I just bought the new 3-1/4 Triton router to mount in one of my router tables. It does now have a built in raiser so you can adjust the height above the table. I have a 2-1/4 Triton in the table now because when I was looking for a router the 3-1/4 was not adjustable from above the table. I bought the new 3-1/4 from sommerfeld tools at a wood show in October 09' at the Costa Mesa Wood show. 

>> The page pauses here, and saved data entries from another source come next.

lemma expect_resolvent_equation:
  assumes x: "x \<in> T" and y: "y \<in> T"
  shows "mat_mult T (laplacian d L) ER x y - z * ER x y
      = mat_id T x y + complex_of_real (lam\<^sup>2) * (\<integral>g. R g x x * R g x y \<partial>gauss_field T)"
proof -
  interpret prob_space "gauss_field T"
    by (rule prob_space_gauss_field)
  let ?lap = "\<lambda>g. mat_mult T (laplacian d L) (R g) x y"
    and ?pot = "\<lambda>g. complex_of_real (g x) * R g x y"
  have int_lap: "integrable (gauss_field T) ?lap"
    using x y by (auto simp: mat_mult_def intro!: Bochner_Integration.integrable_sum integrable_mult_right integrable_resolvent)
  have int_pot: "integrable (gauss_field T) ?pot"
    using integrable_gauss_field_component_scaleR[OF x measurable_resolvent norm_resolvent_le]
    by (simp add: scaleR_conv_of_real)
  have lap: "(\<integral>g. ?lap g \<partial>gauss_field T) = mat_mult T (laplacian d L) ER x y"
    using x y by (simp add: mat_mult_def expect_mat_def Bochner_Integration.integral_sum integrable_resolvent)
  have "mat_id T x y = (\<integral>g. ?lap g + complex_of_real lam * ?pot g - z * R g x y \<partial>gauss_field T)"
    using resolvent_equation[OF x y] prob_space by simp
  also have "\<dots> = mat_mult T (laplacian d L) ER x y + complex_of_real lam * (\<integral>g. ?pot g \<partial>gauss_field T)
      - z * ER x y"
    by (simp add: Bochner_Integration.integral_diff Bochner_Integration.integral_add
        Bochner_Integration.integrable_add int_lap int_pot integrable_resolvent lap expect_mat_def)
  finally show ?thesis
    by (simp add: expect_gauss_component_mult_resolvent[OF x y] power2_eq_square algebra_simps)
qed
definition gen_cong :: "'a set \<Rightarrow> ('a list \<times> 'a list) set \<Rightarrow> ('a list \<times> 'a list) set" where
  "gen_cong S R = Id_on (lists S) \<union> (rstep S R \<union> (rstep S R)\<inverse>)\<^sup>+"

definition noetherian :: "('b \<times> 'b) set \<Rightarrow> bool" where
  "noetherian r \<longleftrightarrow> wf (r\<inverse>)"

definition confluent :: "('b \<times> 'b) set \<Rightarrow> bool" where
  "confluent r \<longleftrightarrow> (\<forall>a b c. (a, b) \<in> r\<^sup>* \<and> (a, c) \<in> r\<^sup>* \<longrightarrow>
      (\<exists>d. (b, d) \<in> r\<^sup>* \<and> (c, d) \<in> r\<^sup>*))"

definition complete_pres :: "'a set \<Rightarrow> ('a list \<times> 'a list) set \<Rightarrow> bool" where
  "complete_pres S R \<longleftrightarrow> noetherian (rstep S R) \<and> confluent (rstep S R)"

text \<open>(S, R) presents the quotient of S* by the congruence induced by the map f
  (identity on generators): R# coincides with u ~ v iff f u = f v.\<close>
definition presents :: "'a set \<Rightarrow> ('a list \<times> 'a list) set \<Rightarrow> ('a list \<Rightarrow> 'b) \<Rightarrow> bool" where
  "presents S R f \<longleftrightarrow> (\<forall>u \<in> lists S. \<forall>v \<in> lists S. (u, v) \<in> gen_cong S R \<longleftrightarrow> f u = f v)"

end

theory Submission
  imports Defs
begin

text \<open>Both insertions are instances of one insertion parametrised by the comparison
  P \<in> {(<), (\<le>)} deciding whether a letter goes under a column. A relation
  y u x = y x u holds in the monoid because, once y is inserted, x lands in the part of the
  tableau ending with the column of y, while every letter of u passes that part unchanged;
  so inserting x commutes with inserting u. Each rule moves a smaller letter to the left,
  so rewriting terminates in the length-lexicographic order. A word to which no rule
  applies is the column reading of its own tableau, since otherwise its last letter would
  go under the penultimate column and create a redex. Hence irreducible words are
  determined by their tableaux, which yields both confluence and the presentation.\<close>

section \<open>Rewriting on words\<close>

lemma rstep_in_lists:
  assumes "R \<subseteq> lists S \<times> lists S" and "(s, t) \<in> rstep S R"
  shows "s \<in> lists S \<and> t \<in> lists S"
  using assms unfolding rstep_def by force

lemma rtrancl_rstep_in_lists:
  assumes "R \<subseteq> lists S \<times> lists S" and "(s, t) \<in> (rstep S R)\<^sup>*" and "s \<in> lists S"
  shows "t \<in> lists S"
  using assms(2,3) by induction (auto dest: rstep_in_lists[OF assms(1)])

lemma rstep_snoc:
  assumes "(w, t) \<in> rstep S R" and "a \<in> S"
  shows "(w @ [a], t @ [a]) \<in> rstep S R"
proof -
  obtain u l r v where "w = u @ l @ v" "t = u @ r @ v" "(l, r) \<in> R" "u \<in> lists S" "v \<in> lists S"
    using assms(1) unfolding rstep_def by blast
  then show ?thesis
    unfolding rstep_def using assms(2)
    by (intro CollectI exI[of _ u] exI[of _ l] exI[of _ r] exI[of _ "v @ [a]"]) auto
qed

lemma noetherian_rstep_if_lenlex_decreasing:
  assumes "wf r" and "\<And>l t. (l, t) \<in> R \<Longrightarrow> (t, l) \<in> lenlex r"
  shows "noetherian (rstep S R)"
proof -
  have "(rstep S R)\<inverse> \<subseteq> lenlex r"
  proof
    fix p assume "p \<in> (rstep S R)\<inverse>"
    then obtain u l t v where p: "p = (u @ t @ v, u @ l @ v)" and "(l, t) \<in> R"
      unfolding rstep_def by blast
    then have "(t @ v, l @ v) \<in> lenlex r" using assms(2) lenlex_append1 by blast
    moreover have "irrefl r" using assms(1) by (simp add: irrefl_def)
    ultimately show "p \<in> lenlex r" using p by simp
  qed
  then show ?thesis unfolding noetherian_def using wf_subset[OF wf_lenlex[OF assms(1)]] by blast
qed

lemma noetherian_normal_form_exists:
  assumes "noetherian r"
  shows "\<exists>z. (w, z) \<in> r\<^sup>* \<and> (\<forall>t. (z, t) \<notin> r)"
  using assms[unfolded noetherian_def]
proof (induction w rule: wf_induct_rule)
  case (less w)
  show ?case
  proof (cases "\<exists>t. (w, t) \<in> r")
    case True
    then obtain t z where "(w, t) \<in> r" "(t, z) \<in> r\<^sup>*" "\<forall>t. (z, t) \<notin> r" using less by blast
    then show ?thesis by (meson converse_rtrancl_into_rtrancl)
  qed blast
qed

They told me it has the same bolt pattern as the 2-1/4 that in there now. The only thing I would have to do is use the base plate as a template to drill a new access hole for the winder handle.


----------



## gallianp (Oct 13, 2009)

I purchased the Triton 3-1/4 from Woodcraft on suggestion from their tech person. ($179.) when it arrived it DID NOT have the raiser. Called the tech person he apologized.
The call was Friday -- he was going to talk with sales and I am now waiting (Monday) to see what they are going to do... an apology does not equal a raiser. I really tried to my info straight before ordering! Woodcraft is going to bait and which me again!!! :stop:


----------



## gallianp (Oct 13, 2009)

gallianp said:


> I purchased the Triton 3-1/4 from Woodcraft on suggestion from their tech person. ($179.) when it arrived it DID NOT have the raiser. Called the tech person he apologized.
> The call was Friday -- he was going to talk with sales and I am now waiting (Monday) to see what they are going to do... an apology does not equal a raiser. I really tried to my info straight before ordering! Woodcraft is going to bait and which me again!!! :stop:


I have received an email from Woodcraft! They have "done me right". New router on the way to me with above table handle. Return FedEx label also.. Check the status and it still says processing so maybe it will ship!


----------